Which method should you use?

MethodEffortAudit trailTamper-resistantBest for
Word signature lineMediumNo (unless certificate)Only with certificateFormal internal sign-off
Drawn / inserted imageLowNoNoQuick, low-stakes documents
Export to PDF + e-signLowYesYesContracts and anything multi-party

Why most "sign a Word doc" tasks end in PDF

If the document only circulates inside your team, sign it in Word and move on. But the moment it leaves your hands — to a client, a contractor, a new hire — you want a locked file and a record of the signing. That's a PDF with an audit trail, not an editable .docx. Recognizing which situation you're in saves you from re-doing the signature later.
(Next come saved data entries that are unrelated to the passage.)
lemma Qv_eq_QV: "Qv g V x a b = QV (axis a 1) (axis b 1)"
proof -
  have "H *v (dP c *v W + Chr c *v (P *v W)) = N c *v (P *v W)" for c W
    unfolding H_apply N_apply using dP_projector_apply[of c W] P_idempotent
    by (simp add: matrix_vector_right_distrib matrix_vector_mult_diff_distrib algebra_simps)
  then show ?thesis
    unfolding Qv_def hmat_eq_H covvec_vmat P_def[symmetric] QV_def Nv_def
    by (simp add: matrix_vector_mult_sum matrix_vector_mult_scaleR)
qed

lemma Qh_eq_QH: "Qh g V x a b = - QH (axis a 1) (axis b 1)"
proof -
  have "P *v (- (dP c *v W) + Chr c *v (H *v W)) = - (N c *v (H *v W))" for c W
    unfolding H_apply N_apply using dP_projector_apply[of c W] P_idempotent
    by (simp add: matrix_vector_right_distrib matrix_vector_mult_diff_distrib algebra_simps)
  then show ?thesis
    unfolding Qh_def hmat_eq_H covvec_hmat P_def[symmetric] QH_def Nv_def
    by (simp add: matrix_vector_mult_sum matrix_vector_mult_scaleR sum_negf)
qed

lemma totally_geodesic_at_iff:
  "(\<forall>a b. Sv g V x a b = 0 \<and> Sh g V x a b = 0) \<longleftrightarrow> (\<forall>a b c. sym3 (cov2 g (vcov g V) x) a b c = 0)"
proof -
  have "Sv g V x a b = 0 \<longleftrightarrow> QV (axis a 1) (axis b 1) + QV (axis b 1) (axis a 1) = 0" for a b
    unfolding Sv_def Qv_eq_QV by simp
  moreover have "Sh g V x a b = - ((1/2) *\<^sub>R (QH (axis a 1) (axis b 1) + QH (axis b 1) (axis a 1)))" for a b
    unfolding Sh_def Qh_eq_QH by (simp add: algebra_simps)
  then have "Sh g V x a b = 0 \<longleftrightarrow> QH (axis a 1) (axis b 1) + QH (axis b 1) (axis a 1) = 0" for a b
    by simp
  ultimately show ?thesis
    unfolding dv_component_eq_cov2_vcov[symmetric] sym3_dv_component_eq_0_iff by simp
qed

lemma cov2_vcov_metric_combination:
  "cov2 g (\<lambda>y b c. \<alpha> * vcov g V y b c + \<beta> * g y b c) x = (\<lambda>a b c. \<alpha> * cov2 g (vcov g V) x a b c)"
proof (intro ext)
  fix a b c
  have "((\<lambda>t. \<alpha> * vcov g V (x + t *\<^sub>R axis a 1) b c + \<beta> * g (x + t *\<^sub>R axis a 1) b c) has_real_derivative
      \<alpha> * (\<Sum>i\<in>UNIV. dP a $ i $ b * g x i c + P $ i $ b * dg a i c) + \<beta> * dg a b c) (at 0)"
    by (intro DERIV_add DERIV_cmult DERIV_vcov_line DERIV_g_line)
  then have "pd (\<lambda>y. \<alpha> * vcov g V y b c + \<beta> * g y b c) a x
      = \<alpha> * pd (\<lambda>y. vcov g V y b c) a x + \<beta> * pd (\<lambda>y. g y b c) a x"
    using pd_eqI[OF DERIV_vcov_line] unfolding dg_def by (simp add: pd_eqI)
  then have "cov2 g (\<lambda>y b c. \<alpha> * vcov g V y b c + \<beta> * g y b c) x a b c
      = \<alpha> * cov2 g (vcov g V) x a b c + \<beta> * cov2 g g x a b c"
    unfolding cov2_def by (simp add: algebra_simps sum.distrib sum_distrib_left)
  then show "cov2 g (\<lambda>y b c. \<alpha> * vcov g V y b c + \<beta> * g y b c) x a b c = \<alpha> * cov2 g (vcov g V) x a b c"
    using cov2_metric_eq_0 by simp
qed

lemma trace_vcov: "(\<Sum>a\<in>UNIV. \<Sum>b\<in>UNIV. ginv g x a b * vcov g V x a b) = real p"
proof -
  have "(\<Sum>b\<in>UNIV. ginv g x a b * vcov g V x a b) = P $ a $ a" for a
  proof -
    have "(\<Sum>b\<in>UNIV. ginv g x a b * vcov g V x a b)
        = (\<Sum>b\<in>UNIV. \<Sum>i\<in>UNIV. matrix_inv G $ a $ b * (P $ i $ a * G $ b $ i))"
      unfolding vcov_eq_sum ginv_def G_def P_def using g_symmetric[OF x_in_U]
      by (simp add: sum_distrib_left)
    also have "\<dots> = (\<Sum>i\<in>UNIV. P $ i $ a * (matrix_inv G ** G) $ a $ i)"
      by (subst sum.swap) (simp add: matrix_matrix_mult_def sum_distrib_left mult_ac)
    also have "\<dots> = P $ a $ a"
      unfolding matrix_inv_left[OF metric_invertible] by (rule sum_mat1_right)
    finally show ?thesis .
  qed
  then have "(\<Sum>a\<in>UNIV. \<Sum>b\<in>UNIV. ginv g x a b * vcov g V x a b) = trace P"
    by (simp add: trace_def)
  also have "\<dots> = real p"
    using trace_idempotent[OF vmat_idempotent_at[OF x_in_U]] range_vmat[where g=g and V=V and x=x, OF vmat_hypotheses[OF x_in_U]]
      dim_V unfolding P_def by simp
  finally show ?thesis .
qed

lemma trace_metric: "(\<Sum>a\<in>UNIV. \<Sum>b\<in>UNIV. ginv g x a b * g x a b) = real CARD('n)"
proof -
  have "(\<Sum>b\<in>UNIV. ginv g x a b * g x a b) = (matrix_inv G ** G) $ a $ a" for a
    unfolding ginv_def G_def using g_symmetric[OF x_in_U] by (simp add: matrix_matrix_mult_def)
  then show ?thesis
    unfolding matrix_inv_left[OF metric_invertible] by (simp add: mat_def)
qed

lemma trace_hcov: "(\<Sum>a\<in>UNIV. \<Sum>b\<in>UNIV. ginv g x a b * hcov g V x a b) = real CARD('n) - real p"
  unfolding hcov_eq using trace_vcov trace_metric by (simp add: right_diff_distrib sum_subtractf)

lemma sym3_cov2_vcov_eq_metric_form:
  assumes "\<forall>a b c. sym3 (cov2 g (vcov g V) x) a b c = sym3 (\<lambda>a b c. g x a b * s c) a b c"
  shows "\<forall>a b c. sym3 (cov2 g (vcov g V) x) a b c = 0"
proof -
  have "(\<lambda>a b c. G $ a $ b * s c) = (\<lambda>a b c. g x a b * s c)"
    by (simp add: G_def)
  then show ?thesis
    using sym3_dv_component_eq_metric_form[of s] assms unfolding dv_component_eq_cov2_vcov by simp
qed

lemma p_le_dimension: "p \<le> CARD('n)"
  using dim_V dim_subset_UNIV[of "V x"] by simp

lemma vcov_hcov_symmetric:
  "vcov g V x a b = vcov g V x b a" "hcov g V x a b = hcov g V x b a"
  using vcov_symmetric[OF x_in_U, of a b] g_symmetric[OF x_in_U, of a b] by (simp_all add: hcov_eq)

lemma trace_traceless_combination:
  "(\<Sum>a\<in>UNIV. \<Sum>b\<in>UNIV. ginv g x a b * (C * (real (CARD('n) - p) * vcov g V x a b - real p * hcov g V x a b))) = 0"
proof -
  have "(\<Sum>a\<in>UNIV. \<Sum>b\<in>UNIV. ginv g x a b * (C * (real (CARD('n) - p) * vcov g V x a b - real p * hcov g V x a b)))
      = C * (real (CARD('n) - p) * (\<Sum>a\<in>UNIV. \<Sum>b\<in>UNIV. ginv g x a b * vcov g V x a b)
          - real p * (\<Sum>a\<in>UNIV. \<Sum>b\<in>UNIV. ginv g x a b * hcov g V x a b))"
    by (simp add: sum_distrib_left right_diff_distrib sum_subtractf algebra_simps)
  then show ?thesis
    unfolding trace_vcov trace_hcov using p_le_dimension by (simp add: of_nat_diff algebra_simps)
qed

lemma cov2_traceless_combination:
  "cov2 g (\<lambda>y a b. C * (real (CARD('n) - p) * vcov g V y a b - real p * hcov g V y a b)) x
    = (\<lambda>a b c. C * real CARD('n) * cov2 g (vcov g V) x a b c)"
proof -
  have combination: "(\<lambda>y a b. C * (real (CARD('n) - p) * vcov g V y a b - real p * hcov g V y a b))
      = (\<lambda>y a b. C * real CARD('n) * vcov g V y a b + (- C * real p) * g y a b)"
    using p_le_dimension by (intro ext) (simp add: hcov_eq of_nat_diff algebra_simps)
  show ?thesis
    unfolding combination by (rule cov2_vcov_metric_combination)
qed

lemma sym3_cov2_vcov_eq_0_of_conformal:
  assumes "C \<noteq> 0"
    and "\<forall>a b c. sym3 (cov2 g (\<lambda>y a b. C * (real (CARD('n) - p) * vcov g V y a b - real p * hcov g V y a b)) x) a b c
      = sym3 (\<lambda>a b c. g x a b * t c) a b c"
  shows "\<forall>a b c. sym3 (cov2 g (vcov g V) x) a b c = 0"
proof -
  define n where "n = real CARD('n)"
  have "n \<noteq> 0" unfolding n_def by simp
  have "sym3 (cov2 g (vcov g V) x) a b c = sym3 (\<lambda>a b c. g x a b * (t c / (C * n))) a b c" for a b c
    using assms(2) \<open>C \<noteq> 0\<close> \<open>n \<noteq> 0\<close> sym3_scale[of "C * n" "cov2 g (vcov g V) x" a b c]
    unfolding cov2_traceless_combination n_def[symmetric] by (simp add: sym3_def field_simps)
  then show ?thesis
    by (intro sym3_cov2_vcov_eq_metric_form[where s = "\<lambda>c. t c / (C * n)"]) simp
qed

end

section \<open>Killing and conformal tensors built from v and h\<close>

lemma totally_geodesic_on_iff_sym3_cov2_vcov:
  assumes "pseudo_riemannian_on U g" and "almost_product_on U g V p"
  shows "totally_geodesic_on U g V \<longleftrightarrow> (\<forall>x\<in>U. \<forall>a b c. sym3 (cov2 g (vcov g V) x) a b c = 0)"
  unfolding totally_geodesic_on_def
  using almost_product_point.totally_geodesic_at_iff[OF almost_product_point.intro[OF assms]] by blast

lemma killing_tensor_on_vcov_hcov_iff:
  assumes "pseudo_riemannian_on U g" and "almost_product_on U g V p"
  shows "killing_tensor_on U g (\<lambda>x a b. C * vcov g V x a b + D * hcov g V x a b)
    \<longleftrightarrow> C = D \<or> totally_geodesic_on U g V"
proof -
  have combination: "(\<lambda>x a b. C * vcov g V x a b + D * hcov g V x a b)
      = (\<lambda>x a b. (C - D) * vcov g V x a b + D * g x a b)"
    by (intro ext) (simp add: hcov_eq algebra_simps)
  have "sym3 (cov2 g (\<lambda>x a b. C * vcov g V x a b + D * hcov g V x a b) x) a b c
      = (C - D) * sym3 (cov2 g (vcov g V) x) a b c" if "x \<in> U" for x a b c
    unfolding combination
      almost_product_point.cov2_vcov_metric_combination[OF almost_product_point.intro[OF assms that]]
    by (rule sym3_scale)
  moreover have "C * vcov g V x a b + D * hcov g V x a b = C * vcov g V x b a + D * hcov g V x b a"
    if "x \<in> U" for x a b
    using almost_product_point.vcov_hcov_symmetric[OF almost_product_point.intro[OF assms that]] by simp
  ultimately show ?thesis
    unfolding killing_tensor_on_def totally_geodesic_on_iff_sym3_cov2_vcov[OF assms] by auto
qed

lemma conformal_tensor_on_traceless_combination_iff:
  fixes U :: "(real^'n::finite) set"
  assumes "pseudo_riemannian_on U g" and "almost_product_on U g V p" and "q = CARD('n) - p"
  shows "conformal_tensor_on U g (\<lambda>x a b. C * (real q * vcov g V x a b - real p * hcov g V x a b))
    \<longleftrightarrow> C = 0 \<or> totally_geodesic_on U g V"
    (is "conformal_tensor_on U g ?T \<longleftrightarrow> _")
proof
  note point = almost_product_point.intro[OF assms(1,2)]
  assume "conformal_tensor_on U g ?T"
  then obtain t where "\<forall>x\<in>U. \<forall>a b c. sym3 (cov2 g ?T x) a b c = sym3 (\<lambda>a b c. g x a b * t x c) a b c"
    unfolding conformal_tensor_on_def by blast
  then have "\<forall>x\<in>U. \<forall>a b c. sym3 (cov2 g (vcov g V) x) a b c = 0" if "C \<noteq> 0"
    using almost_product_point.sym3_cov2_vcov_eq_0_of_conformal[OF point that] unfolding assms(3) by blast
  then show "C = 0 \<or> totally_geodesic_on U g V"
    unfolding totally_geodesic_on_iff_sym3_cov2_vcov[OF assms(1,2)] by blast
next
  note point = almost_product_point.intro[OF assms(1,2)]
  assume "C = 0 \<or> totally_geodesic_on U g V"
  then have "sym3 (cov2 g ?T x) a b c = sym3 (\<lambda>a b c. g x a b * 0) a b c" if "x \<in> U" for x a b c
    using that sym3_scale[of "C * real CARD('n)" "cov2 g (vcov g V) x" a b c]
    unfolding totally_geodesic_on_iff_sym3_cov2_vcov[OF assms(1,2)] assms(3)
      almost_product_point.cov2_traceless_combination[OF point[OF that]]
    by (auto simp: sym3_def)
  moreover have "?T x a b = ?T x b a" "(\<Sum>a\<in>UNIV. \<Sum>b\<in>UNIV. ginv g x a b * ?T x a b) = 0"
    if "x \<in> U" for x a b
    using almost_product_point.vcov_hcov_symmetric[OF point[OF that]]
      almost_product_point.trace_traceless_combination[OF point[OF that]] unfolding assms(3) by simp_all
  ultimately show "conformal_tensor_on U g ?T"
    unfolding conformal_tensor_on_def by (intro conjI ballI allI exI[of _ "\<lambda>_ _. 0"]) simp_all
qed

theorem corollary1:
  fixes U :: "(real^'n::finite) set" and g :: "'n tensor2"
    and V :: "real^'n \<Rightarrow> (real^'n) set" and p q :: nat
  assumes "pseudo_riemannian_on U g"
    and "almost_product_on U g V p"
    and "q = CARD('n) - p"
  shows "(totally_geodesic_on U g V \<longleftrightarrow>
            (\<forall>C D :: real. killing_tensor_on U g (\<lambda>x a b. C * vcov g V x a b + D * hcov g V x a b)))
       \<and> (totally_geodesic_on U g V \<longleftrightarrow>
            (\<forall>C :: real. conformal_tensor_on U g
               (\<lambda>x a b. C * (real q * vcov g V x a b - real p * hcov g V x a b))))"
  unfolding killing_tensor_on_vcov_hcov_iff[OF assms(1,2)]
    conformal_tensor_on_traceless_combination_iff[OF assms]
  by (metis zero_neq_one)

end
Frequently asked questions

Can I sign a Word document without converting it to PDF? Yes—use Word's signature line or insert a signature image. But for contracts or anything another party relies on, exporting to PDF and using an e-signature tool gives you a locked file and an audit trail, which a .docx can't provide.

Is a signature added in Word legally binding? It can be, but it's weak evidence. A drawn or inserted signature in an editable Word file proves little about who signed or whether the text changed afterward. For enforceable agreements, use a method that records an audit trail.

What's the difference between a Word signature line and a digital signature? A signature line is a visual placeholder. A digital signature uses a certificate to cryptographically lock the document and verify the signer—more secure, but it requires certificates most casual users don't have.

Does converting to PDF change my document? Exporting from Word to PDF preserves the layout and content; it just makes it fixed rather than editable. That fixedness is exactly what you want in a signed document.